| What is expected |
Across the data, every line with the word "have" counts once; state the total alone.

| Records provided |
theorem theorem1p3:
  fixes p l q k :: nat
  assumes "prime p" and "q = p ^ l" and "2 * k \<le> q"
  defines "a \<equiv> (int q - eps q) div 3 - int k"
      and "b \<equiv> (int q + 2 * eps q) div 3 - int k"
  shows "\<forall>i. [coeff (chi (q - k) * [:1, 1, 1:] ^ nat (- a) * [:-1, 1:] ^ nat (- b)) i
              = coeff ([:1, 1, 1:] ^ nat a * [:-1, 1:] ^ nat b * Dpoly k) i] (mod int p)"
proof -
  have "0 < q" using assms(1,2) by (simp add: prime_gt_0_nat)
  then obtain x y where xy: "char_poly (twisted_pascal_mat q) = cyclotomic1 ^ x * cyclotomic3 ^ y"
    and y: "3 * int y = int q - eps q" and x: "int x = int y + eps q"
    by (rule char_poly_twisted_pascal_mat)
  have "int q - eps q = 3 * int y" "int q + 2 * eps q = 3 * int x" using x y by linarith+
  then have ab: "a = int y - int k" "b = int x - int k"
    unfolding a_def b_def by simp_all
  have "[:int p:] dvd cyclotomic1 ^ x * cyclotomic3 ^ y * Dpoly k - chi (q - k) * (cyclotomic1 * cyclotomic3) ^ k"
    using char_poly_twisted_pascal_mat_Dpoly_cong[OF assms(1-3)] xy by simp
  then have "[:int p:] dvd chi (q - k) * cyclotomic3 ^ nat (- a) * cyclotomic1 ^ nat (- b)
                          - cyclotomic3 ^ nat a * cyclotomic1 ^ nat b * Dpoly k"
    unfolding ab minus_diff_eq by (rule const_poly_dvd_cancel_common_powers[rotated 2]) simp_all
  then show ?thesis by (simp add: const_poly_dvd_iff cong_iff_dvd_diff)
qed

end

---

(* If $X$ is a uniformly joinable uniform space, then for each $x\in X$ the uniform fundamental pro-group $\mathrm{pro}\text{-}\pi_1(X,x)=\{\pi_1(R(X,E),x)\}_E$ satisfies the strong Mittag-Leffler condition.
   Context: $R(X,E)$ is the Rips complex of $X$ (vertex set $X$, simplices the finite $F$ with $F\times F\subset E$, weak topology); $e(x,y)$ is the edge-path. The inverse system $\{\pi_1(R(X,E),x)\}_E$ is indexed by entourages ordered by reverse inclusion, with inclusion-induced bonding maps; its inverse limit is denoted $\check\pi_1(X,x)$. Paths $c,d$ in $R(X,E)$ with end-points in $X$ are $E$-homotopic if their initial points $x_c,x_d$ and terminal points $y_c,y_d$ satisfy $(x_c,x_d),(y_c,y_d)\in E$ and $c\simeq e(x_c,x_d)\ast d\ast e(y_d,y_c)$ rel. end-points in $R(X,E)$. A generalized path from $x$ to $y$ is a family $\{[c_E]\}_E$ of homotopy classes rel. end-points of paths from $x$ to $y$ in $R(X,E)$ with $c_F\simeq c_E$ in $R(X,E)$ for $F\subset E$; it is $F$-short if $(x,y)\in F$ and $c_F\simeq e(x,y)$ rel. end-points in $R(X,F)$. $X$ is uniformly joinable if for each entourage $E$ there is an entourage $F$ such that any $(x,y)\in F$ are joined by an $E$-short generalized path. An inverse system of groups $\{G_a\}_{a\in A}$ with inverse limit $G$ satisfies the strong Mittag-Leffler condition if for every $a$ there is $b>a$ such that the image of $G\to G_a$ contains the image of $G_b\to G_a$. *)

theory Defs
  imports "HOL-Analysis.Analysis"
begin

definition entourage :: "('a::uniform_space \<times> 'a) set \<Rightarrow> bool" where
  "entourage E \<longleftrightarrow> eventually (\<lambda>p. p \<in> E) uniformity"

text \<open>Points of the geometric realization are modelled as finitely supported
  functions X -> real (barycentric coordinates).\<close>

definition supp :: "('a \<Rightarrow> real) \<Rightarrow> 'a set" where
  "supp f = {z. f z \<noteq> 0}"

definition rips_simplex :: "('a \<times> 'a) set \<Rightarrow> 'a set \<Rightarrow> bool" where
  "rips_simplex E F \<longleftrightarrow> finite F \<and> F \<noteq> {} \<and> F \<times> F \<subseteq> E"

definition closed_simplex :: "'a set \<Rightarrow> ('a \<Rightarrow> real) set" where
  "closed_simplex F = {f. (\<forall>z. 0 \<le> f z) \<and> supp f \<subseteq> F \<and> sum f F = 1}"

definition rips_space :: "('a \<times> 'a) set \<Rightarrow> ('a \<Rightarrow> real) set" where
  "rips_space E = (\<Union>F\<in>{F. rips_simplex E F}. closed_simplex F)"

| Output for this exercise |
5